[Extracted data entries]
□ □ □ □ □

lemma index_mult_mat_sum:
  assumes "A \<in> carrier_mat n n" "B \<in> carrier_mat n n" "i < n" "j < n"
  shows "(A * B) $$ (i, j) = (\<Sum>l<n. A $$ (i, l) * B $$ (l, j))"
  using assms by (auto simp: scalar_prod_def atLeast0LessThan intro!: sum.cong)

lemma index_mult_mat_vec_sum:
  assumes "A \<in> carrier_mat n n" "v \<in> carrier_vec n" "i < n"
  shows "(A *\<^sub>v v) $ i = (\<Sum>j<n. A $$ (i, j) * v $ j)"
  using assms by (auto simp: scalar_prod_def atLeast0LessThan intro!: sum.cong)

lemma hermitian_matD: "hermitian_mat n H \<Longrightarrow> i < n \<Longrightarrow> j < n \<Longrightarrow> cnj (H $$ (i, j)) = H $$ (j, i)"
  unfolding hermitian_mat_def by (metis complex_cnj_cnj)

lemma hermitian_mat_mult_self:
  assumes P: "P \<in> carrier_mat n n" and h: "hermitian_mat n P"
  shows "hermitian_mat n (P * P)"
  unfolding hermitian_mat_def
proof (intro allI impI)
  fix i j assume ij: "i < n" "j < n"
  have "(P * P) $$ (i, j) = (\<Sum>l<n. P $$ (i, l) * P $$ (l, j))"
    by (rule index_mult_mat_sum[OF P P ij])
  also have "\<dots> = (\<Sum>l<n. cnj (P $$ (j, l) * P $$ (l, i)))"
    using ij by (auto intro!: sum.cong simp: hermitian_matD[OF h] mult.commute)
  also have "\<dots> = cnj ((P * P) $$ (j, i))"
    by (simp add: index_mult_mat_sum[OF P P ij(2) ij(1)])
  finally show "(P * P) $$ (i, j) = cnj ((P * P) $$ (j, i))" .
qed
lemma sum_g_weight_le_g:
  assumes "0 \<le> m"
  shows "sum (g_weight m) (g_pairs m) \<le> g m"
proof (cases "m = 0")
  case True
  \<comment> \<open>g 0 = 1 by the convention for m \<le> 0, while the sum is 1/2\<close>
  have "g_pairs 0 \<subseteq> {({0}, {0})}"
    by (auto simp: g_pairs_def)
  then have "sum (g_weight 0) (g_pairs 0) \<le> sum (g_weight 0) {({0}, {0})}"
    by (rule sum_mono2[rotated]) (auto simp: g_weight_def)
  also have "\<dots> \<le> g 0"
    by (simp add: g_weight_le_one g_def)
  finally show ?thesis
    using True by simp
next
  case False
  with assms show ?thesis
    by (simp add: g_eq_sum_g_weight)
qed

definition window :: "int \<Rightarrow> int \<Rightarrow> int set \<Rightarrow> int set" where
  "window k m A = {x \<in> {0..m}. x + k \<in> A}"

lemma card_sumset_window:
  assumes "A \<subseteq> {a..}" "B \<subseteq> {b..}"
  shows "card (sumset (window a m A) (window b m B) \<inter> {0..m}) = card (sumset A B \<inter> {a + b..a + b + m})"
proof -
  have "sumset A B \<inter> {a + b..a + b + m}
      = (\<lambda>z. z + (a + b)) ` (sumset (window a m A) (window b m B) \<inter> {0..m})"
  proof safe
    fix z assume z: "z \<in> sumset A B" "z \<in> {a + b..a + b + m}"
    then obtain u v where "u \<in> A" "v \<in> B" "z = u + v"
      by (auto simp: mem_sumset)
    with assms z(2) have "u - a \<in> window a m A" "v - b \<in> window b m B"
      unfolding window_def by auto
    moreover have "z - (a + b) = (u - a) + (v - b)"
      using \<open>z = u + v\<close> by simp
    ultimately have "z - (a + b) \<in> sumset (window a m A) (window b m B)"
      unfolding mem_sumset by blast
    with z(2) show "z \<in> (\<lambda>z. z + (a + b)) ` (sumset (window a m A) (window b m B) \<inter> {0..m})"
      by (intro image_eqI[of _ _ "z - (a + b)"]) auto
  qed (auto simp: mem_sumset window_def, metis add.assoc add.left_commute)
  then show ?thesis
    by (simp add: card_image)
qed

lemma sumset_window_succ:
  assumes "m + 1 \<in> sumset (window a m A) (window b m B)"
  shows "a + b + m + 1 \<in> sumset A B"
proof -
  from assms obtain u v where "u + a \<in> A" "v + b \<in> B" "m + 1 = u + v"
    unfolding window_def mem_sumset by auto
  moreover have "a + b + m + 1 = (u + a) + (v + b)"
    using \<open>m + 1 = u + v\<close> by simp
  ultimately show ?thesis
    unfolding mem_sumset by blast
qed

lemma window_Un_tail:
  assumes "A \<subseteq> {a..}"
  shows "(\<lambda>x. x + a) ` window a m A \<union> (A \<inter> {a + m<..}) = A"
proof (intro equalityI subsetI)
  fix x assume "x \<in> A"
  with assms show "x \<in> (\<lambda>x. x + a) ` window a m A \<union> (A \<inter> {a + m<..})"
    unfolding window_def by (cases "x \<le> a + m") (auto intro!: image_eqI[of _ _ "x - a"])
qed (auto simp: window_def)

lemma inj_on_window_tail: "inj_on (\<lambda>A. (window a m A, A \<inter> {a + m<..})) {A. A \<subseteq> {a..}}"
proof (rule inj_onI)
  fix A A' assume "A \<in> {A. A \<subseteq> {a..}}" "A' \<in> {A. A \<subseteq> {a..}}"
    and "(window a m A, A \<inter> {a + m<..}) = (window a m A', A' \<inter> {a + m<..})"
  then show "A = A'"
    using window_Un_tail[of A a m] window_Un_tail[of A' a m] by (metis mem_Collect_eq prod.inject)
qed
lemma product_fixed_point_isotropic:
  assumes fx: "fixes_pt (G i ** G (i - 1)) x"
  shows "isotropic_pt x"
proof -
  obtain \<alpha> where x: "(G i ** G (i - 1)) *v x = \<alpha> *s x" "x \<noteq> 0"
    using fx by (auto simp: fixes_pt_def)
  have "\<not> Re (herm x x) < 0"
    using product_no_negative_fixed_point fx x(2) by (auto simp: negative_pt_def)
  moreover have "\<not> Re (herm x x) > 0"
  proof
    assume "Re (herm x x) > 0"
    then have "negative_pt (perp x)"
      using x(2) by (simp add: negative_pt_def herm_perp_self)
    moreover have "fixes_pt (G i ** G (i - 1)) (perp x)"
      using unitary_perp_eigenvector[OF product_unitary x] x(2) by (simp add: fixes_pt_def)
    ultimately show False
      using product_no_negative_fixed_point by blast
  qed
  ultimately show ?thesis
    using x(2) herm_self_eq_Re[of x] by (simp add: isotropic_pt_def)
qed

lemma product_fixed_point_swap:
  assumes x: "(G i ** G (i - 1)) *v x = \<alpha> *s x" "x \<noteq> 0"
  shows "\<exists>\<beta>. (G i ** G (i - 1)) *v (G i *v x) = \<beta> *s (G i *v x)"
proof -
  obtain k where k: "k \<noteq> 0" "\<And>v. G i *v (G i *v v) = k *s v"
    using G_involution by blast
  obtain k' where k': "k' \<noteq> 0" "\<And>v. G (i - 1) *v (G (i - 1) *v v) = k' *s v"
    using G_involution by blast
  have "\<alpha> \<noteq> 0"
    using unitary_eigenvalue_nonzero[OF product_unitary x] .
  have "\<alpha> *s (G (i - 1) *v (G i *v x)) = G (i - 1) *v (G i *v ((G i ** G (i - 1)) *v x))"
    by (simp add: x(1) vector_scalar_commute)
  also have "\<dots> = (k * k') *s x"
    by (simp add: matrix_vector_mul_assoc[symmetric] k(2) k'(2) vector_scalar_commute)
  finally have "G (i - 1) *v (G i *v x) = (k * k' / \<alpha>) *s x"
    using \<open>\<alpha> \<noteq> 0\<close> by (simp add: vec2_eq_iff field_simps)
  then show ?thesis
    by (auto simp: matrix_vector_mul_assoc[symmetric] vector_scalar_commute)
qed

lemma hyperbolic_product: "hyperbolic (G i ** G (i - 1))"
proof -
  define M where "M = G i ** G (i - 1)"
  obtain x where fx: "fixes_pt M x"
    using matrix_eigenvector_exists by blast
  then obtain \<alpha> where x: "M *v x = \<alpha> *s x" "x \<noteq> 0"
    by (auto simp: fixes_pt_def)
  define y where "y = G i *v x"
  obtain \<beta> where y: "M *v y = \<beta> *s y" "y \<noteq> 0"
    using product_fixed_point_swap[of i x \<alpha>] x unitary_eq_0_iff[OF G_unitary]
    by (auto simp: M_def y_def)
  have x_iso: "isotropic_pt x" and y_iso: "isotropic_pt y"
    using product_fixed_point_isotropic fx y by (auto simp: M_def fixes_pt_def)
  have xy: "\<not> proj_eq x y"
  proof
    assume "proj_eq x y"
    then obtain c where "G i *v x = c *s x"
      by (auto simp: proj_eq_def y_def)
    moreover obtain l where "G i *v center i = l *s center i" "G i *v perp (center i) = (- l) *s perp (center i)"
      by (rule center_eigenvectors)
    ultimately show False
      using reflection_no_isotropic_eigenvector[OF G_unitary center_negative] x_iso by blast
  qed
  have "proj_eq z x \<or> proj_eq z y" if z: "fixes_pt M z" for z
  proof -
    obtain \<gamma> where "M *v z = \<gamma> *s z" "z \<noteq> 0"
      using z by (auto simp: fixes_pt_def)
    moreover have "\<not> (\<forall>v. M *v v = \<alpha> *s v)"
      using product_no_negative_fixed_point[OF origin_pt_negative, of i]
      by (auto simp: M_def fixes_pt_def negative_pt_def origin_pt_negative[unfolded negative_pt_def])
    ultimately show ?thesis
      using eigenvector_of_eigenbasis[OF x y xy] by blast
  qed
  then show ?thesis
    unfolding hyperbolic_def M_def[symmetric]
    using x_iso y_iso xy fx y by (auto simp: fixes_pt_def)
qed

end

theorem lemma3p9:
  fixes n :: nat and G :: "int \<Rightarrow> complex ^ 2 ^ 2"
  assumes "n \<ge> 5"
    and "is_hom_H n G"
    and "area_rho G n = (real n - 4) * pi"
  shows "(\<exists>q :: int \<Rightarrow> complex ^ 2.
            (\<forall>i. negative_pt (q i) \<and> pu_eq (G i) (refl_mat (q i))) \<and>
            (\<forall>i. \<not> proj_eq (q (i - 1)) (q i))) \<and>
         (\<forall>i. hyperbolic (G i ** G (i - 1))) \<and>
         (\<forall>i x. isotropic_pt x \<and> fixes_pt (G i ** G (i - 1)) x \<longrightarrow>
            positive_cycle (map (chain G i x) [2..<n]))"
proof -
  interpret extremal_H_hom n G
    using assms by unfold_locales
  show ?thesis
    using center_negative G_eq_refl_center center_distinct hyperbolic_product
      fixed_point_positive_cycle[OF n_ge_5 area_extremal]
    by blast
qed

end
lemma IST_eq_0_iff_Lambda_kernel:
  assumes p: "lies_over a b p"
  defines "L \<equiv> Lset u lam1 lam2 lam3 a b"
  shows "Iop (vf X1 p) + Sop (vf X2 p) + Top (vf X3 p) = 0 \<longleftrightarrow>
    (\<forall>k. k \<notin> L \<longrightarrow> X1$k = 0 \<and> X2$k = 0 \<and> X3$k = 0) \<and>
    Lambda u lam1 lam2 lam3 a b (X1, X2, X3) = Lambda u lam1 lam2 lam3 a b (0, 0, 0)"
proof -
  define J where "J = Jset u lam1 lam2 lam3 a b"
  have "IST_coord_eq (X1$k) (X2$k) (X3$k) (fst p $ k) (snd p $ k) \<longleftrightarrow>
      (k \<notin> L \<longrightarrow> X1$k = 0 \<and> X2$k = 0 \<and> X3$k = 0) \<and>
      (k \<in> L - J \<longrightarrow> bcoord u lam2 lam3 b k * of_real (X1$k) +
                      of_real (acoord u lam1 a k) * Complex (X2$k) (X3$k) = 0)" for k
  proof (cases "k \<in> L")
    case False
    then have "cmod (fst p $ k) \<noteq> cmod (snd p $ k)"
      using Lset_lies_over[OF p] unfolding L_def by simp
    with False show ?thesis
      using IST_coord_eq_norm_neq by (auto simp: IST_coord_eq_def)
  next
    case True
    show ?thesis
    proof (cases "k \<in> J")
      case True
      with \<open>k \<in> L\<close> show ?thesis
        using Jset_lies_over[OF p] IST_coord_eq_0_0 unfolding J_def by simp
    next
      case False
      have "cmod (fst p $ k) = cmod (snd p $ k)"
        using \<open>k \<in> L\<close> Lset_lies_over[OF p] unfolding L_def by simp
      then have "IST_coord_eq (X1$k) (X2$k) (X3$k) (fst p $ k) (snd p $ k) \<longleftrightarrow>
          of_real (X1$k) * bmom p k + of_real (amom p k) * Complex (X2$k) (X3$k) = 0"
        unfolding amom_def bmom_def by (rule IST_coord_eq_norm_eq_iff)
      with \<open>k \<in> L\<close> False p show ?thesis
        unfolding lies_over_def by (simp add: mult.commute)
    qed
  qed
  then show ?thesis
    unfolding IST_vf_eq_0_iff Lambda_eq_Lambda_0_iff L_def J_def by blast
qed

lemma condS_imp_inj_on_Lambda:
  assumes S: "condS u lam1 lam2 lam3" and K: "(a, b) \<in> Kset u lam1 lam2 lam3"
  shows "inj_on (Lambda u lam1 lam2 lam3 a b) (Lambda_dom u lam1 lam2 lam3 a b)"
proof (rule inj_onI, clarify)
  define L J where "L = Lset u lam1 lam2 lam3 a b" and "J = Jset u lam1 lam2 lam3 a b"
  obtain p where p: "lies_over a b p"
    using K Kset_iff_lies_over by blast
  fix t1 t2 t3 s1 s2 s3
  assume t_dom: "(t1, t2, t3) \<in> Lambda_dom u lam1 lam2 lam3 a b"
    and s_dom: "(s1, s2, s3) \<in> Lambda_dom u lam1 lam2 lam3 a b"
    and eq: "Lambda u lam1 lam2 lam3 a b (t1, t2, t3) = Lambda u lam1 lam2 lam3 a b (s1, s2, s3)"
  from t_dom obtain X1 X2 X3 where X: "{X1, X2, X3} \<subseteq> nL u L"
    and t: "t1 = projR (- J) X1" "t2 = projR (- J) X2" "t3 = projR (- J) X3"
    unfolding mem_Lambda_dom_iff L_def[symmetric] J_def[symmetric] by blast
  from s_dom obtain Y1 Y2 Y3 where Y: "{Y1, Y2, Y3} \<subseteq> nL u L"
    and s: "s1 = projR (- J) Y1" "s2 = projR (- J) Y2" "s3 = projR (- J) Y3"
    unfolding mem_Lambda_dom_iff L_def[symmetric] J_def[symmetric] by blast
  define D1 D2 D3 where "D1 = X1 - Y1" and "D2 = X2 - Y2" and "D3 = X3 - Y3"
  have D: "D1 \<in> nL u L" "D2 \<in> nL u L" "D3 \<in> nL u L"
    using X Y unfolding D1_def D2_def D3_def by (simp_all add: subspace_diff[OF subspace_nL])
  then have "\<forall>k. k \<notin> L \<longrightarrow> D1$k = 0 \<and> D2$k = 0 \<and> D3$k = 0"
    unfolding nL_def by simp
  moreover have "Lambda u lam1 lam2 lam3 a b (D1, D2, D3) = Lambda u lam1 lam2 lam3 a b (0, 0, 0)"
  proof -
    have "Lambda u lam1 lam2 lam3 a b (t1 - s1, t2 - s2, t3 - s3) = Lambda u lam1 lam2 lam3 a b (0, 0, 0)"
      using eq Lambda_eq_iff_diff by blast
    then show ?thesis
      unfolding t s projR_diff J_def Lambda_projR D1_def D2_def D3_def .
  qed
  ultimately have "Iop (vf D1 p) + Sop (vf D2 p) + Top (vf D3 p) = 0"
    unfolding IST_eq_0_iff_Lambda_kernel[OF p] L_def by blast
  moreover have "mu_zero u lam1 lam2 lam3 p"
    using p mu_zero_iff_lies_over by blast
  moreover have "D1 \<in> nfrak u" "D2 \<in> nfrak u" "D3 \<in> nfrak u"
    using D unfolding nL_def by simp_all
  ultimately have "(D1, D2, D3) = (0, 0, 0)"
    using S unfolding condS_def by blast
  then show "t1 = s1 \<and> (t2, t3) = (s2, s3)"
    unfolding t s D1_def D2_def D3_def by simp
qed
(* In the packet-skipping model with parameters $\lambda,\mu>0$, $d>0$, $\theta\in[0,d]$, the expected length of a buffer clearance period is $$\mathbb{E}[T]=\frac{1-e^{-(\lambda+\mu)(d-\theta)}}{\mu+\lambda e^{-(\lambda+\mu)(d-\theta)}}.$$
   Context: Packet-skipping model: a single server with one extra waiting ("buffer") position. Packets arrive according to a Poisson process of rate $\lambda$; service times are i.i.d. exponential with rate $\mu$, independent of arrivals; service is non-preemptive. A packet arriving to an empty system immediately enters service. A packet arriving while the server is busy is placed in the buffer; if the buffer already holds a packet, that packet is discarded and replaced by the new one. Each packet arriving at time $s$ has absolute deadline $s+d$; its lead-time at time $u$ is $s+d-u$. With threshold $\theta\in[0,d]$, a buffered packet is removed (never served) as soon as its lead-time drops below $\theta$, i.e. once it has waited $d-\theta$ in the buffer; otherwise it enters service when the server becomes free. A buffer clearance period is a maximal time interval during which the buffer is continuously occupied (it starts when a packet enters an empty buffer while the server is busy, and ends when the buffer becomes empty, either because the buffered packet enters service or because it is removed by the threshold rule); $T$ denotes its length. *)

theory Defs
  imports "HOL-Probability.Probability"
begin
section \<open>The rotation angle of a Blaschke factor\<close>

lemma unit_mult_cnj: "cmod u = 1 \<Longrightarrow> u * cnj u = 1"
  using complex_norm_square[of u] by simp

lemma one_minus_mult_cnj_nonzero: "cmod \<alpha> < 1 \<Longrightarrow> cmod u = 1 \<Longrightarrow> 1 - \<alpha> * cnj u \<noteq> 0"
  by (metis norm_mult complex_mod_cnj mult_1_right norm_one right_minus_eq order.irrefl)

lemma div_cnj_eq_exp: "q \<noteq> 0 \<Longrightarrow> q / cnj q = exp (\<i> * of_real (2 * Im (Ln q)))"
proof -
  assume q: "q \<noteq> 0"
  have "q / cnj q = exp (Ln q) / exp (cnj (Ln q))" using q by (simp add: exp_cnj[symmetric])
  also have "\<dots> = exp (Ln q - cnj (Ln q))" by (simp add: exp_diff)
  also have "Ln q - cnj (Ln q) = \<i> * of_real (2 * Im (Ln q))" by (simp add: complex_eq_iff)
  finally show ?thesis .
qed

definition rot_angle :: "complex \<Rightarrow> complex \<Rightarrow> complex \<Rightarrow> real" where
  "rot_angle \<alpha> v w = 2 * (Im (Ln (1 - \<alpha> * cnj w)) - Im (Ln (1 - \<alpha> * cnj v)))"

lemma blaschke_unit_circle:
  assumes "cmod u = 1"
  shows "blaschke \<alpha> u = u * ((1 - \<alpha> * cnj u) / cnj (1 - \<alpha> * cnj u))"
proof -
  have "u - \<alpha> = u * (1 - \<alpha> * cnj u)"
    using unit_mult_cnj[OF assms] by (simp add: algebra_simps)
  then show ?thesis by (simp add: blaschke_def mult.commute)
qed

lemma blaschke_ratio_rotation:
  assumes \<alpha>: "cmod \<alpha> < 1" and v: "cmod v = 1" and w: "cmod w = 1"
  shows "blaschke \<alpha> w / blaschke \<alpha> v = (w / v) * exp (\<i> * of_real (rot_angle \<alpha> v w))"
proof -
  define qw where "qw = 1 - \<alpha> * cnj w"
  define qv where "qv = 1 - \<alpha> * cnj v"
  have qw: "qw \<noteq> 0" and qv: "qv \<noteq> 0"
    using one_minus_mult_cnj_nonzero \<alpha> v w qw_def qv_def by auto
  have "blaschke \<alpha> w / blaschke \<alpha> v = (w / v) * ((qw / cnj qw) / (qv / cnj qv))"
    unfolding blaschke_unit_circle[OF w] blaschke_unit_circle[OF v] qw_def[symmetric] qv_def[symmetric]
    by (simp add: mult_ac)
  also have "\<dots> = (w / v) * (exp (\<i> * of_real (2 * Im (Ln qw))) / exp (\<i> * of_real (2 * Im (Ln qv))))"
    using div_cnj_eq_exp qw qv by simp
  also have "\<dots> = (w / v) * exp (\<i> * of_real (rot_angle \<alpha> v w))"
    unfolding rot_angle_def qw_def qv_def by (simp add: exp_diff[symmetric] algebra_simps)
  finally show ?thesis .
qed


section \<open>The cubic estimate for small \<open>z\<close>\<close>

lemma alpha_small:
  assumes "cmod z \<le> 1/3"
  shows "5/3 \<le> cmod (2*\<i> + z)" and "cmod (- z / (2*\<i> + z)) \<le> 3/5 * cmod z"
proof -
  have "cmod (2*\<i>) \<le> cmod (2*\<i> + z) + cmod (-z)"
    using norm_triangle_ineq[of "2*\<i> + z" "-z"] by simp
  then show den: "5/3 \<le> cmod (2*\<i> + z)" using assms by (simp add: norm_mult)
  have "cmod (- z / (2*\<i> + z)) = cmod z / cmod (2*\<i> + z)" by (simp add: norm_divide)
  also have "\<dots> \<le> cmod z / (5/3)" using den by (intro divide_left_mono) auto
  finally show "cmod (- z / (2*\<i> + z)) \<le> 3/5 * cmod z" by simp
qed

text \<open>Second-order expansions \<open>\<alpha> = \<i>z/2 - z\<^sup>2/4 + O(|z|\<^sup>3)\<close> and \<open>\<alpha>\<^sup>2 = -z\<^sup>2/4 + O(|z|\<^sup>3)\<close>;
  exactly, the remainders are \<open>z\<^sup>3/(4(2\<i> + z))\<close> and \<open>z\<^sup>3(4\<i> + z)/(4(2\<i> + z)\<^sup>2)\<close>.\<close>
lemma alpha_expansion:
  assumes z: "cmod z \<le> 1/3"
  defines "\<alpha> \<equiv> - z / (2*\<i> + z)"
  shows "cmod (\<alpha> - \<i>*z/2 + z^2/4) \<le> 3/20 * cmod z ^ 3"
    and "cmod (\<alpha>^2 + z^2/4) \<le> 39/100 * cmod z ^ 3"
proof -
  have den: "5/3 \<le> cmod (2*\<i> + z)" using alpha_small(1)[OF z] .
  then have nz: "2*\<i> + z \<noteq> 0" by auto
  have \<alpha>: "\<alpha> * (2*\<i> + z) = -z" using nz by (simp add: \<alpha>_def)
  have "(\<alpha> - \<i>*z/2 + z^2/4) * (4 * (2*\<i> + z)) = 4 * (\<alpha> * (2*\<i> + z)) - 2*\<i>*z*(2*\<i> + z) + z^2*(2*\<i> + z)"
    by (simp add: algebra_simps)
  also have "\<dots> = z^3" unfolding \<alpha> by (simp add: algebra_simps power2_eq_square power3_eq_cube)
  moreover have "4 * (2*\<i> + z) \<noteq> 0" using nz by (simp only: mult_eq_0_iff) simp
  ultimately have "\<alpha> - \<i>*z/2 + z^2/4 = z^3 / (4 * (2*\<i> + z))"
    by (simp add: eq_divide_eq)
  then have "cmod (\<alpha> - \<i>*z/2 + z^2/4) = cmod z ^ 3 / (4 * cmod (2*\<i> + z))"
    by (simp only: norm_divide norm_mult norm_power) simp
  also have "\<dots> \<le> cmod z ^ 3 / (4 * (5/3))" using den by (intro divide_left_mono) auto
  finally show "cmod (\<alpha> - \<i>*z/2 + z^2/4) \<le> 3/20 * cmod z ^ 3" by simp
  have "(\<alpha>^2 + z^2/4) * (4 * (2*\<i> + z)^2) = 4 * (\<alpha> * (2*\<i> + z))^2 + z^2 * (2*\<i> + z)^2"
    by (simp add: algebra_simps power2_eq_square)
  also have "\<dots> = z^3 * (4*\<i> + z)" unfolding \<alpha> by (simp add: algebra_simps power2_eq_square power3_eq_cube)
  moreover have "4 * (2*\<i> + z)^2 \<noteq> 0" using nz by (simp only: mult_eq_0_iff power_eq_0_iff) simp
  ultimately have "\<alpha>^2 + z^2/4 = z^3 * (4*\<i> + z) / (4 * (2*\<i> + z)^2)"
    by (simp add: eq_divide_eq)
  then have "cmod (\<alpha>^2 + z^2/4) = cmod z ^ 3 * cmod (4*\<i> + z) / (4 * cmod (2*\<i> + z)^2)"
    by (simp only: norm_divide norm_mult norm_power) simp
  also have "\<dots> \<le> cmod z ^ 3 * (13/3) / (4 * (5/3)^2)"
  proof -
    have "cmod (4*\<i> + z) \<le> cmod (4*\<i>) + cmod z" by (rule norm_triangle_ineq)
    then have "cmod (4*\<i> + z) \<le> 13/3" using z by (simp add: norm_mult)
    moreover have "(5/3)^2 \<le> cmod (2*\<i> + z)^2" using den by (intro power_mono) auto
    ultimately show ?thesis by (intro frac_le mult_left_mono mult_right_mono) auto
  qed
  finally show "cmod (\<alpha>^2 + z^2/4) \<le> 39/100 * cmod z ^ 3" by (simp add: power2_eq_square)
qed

□ □ □ □ □

» WHAT THIS TASK INVOLVES
A single number is expected: how many lines of the data hold the string "finally".

» COMPLETED TASK
8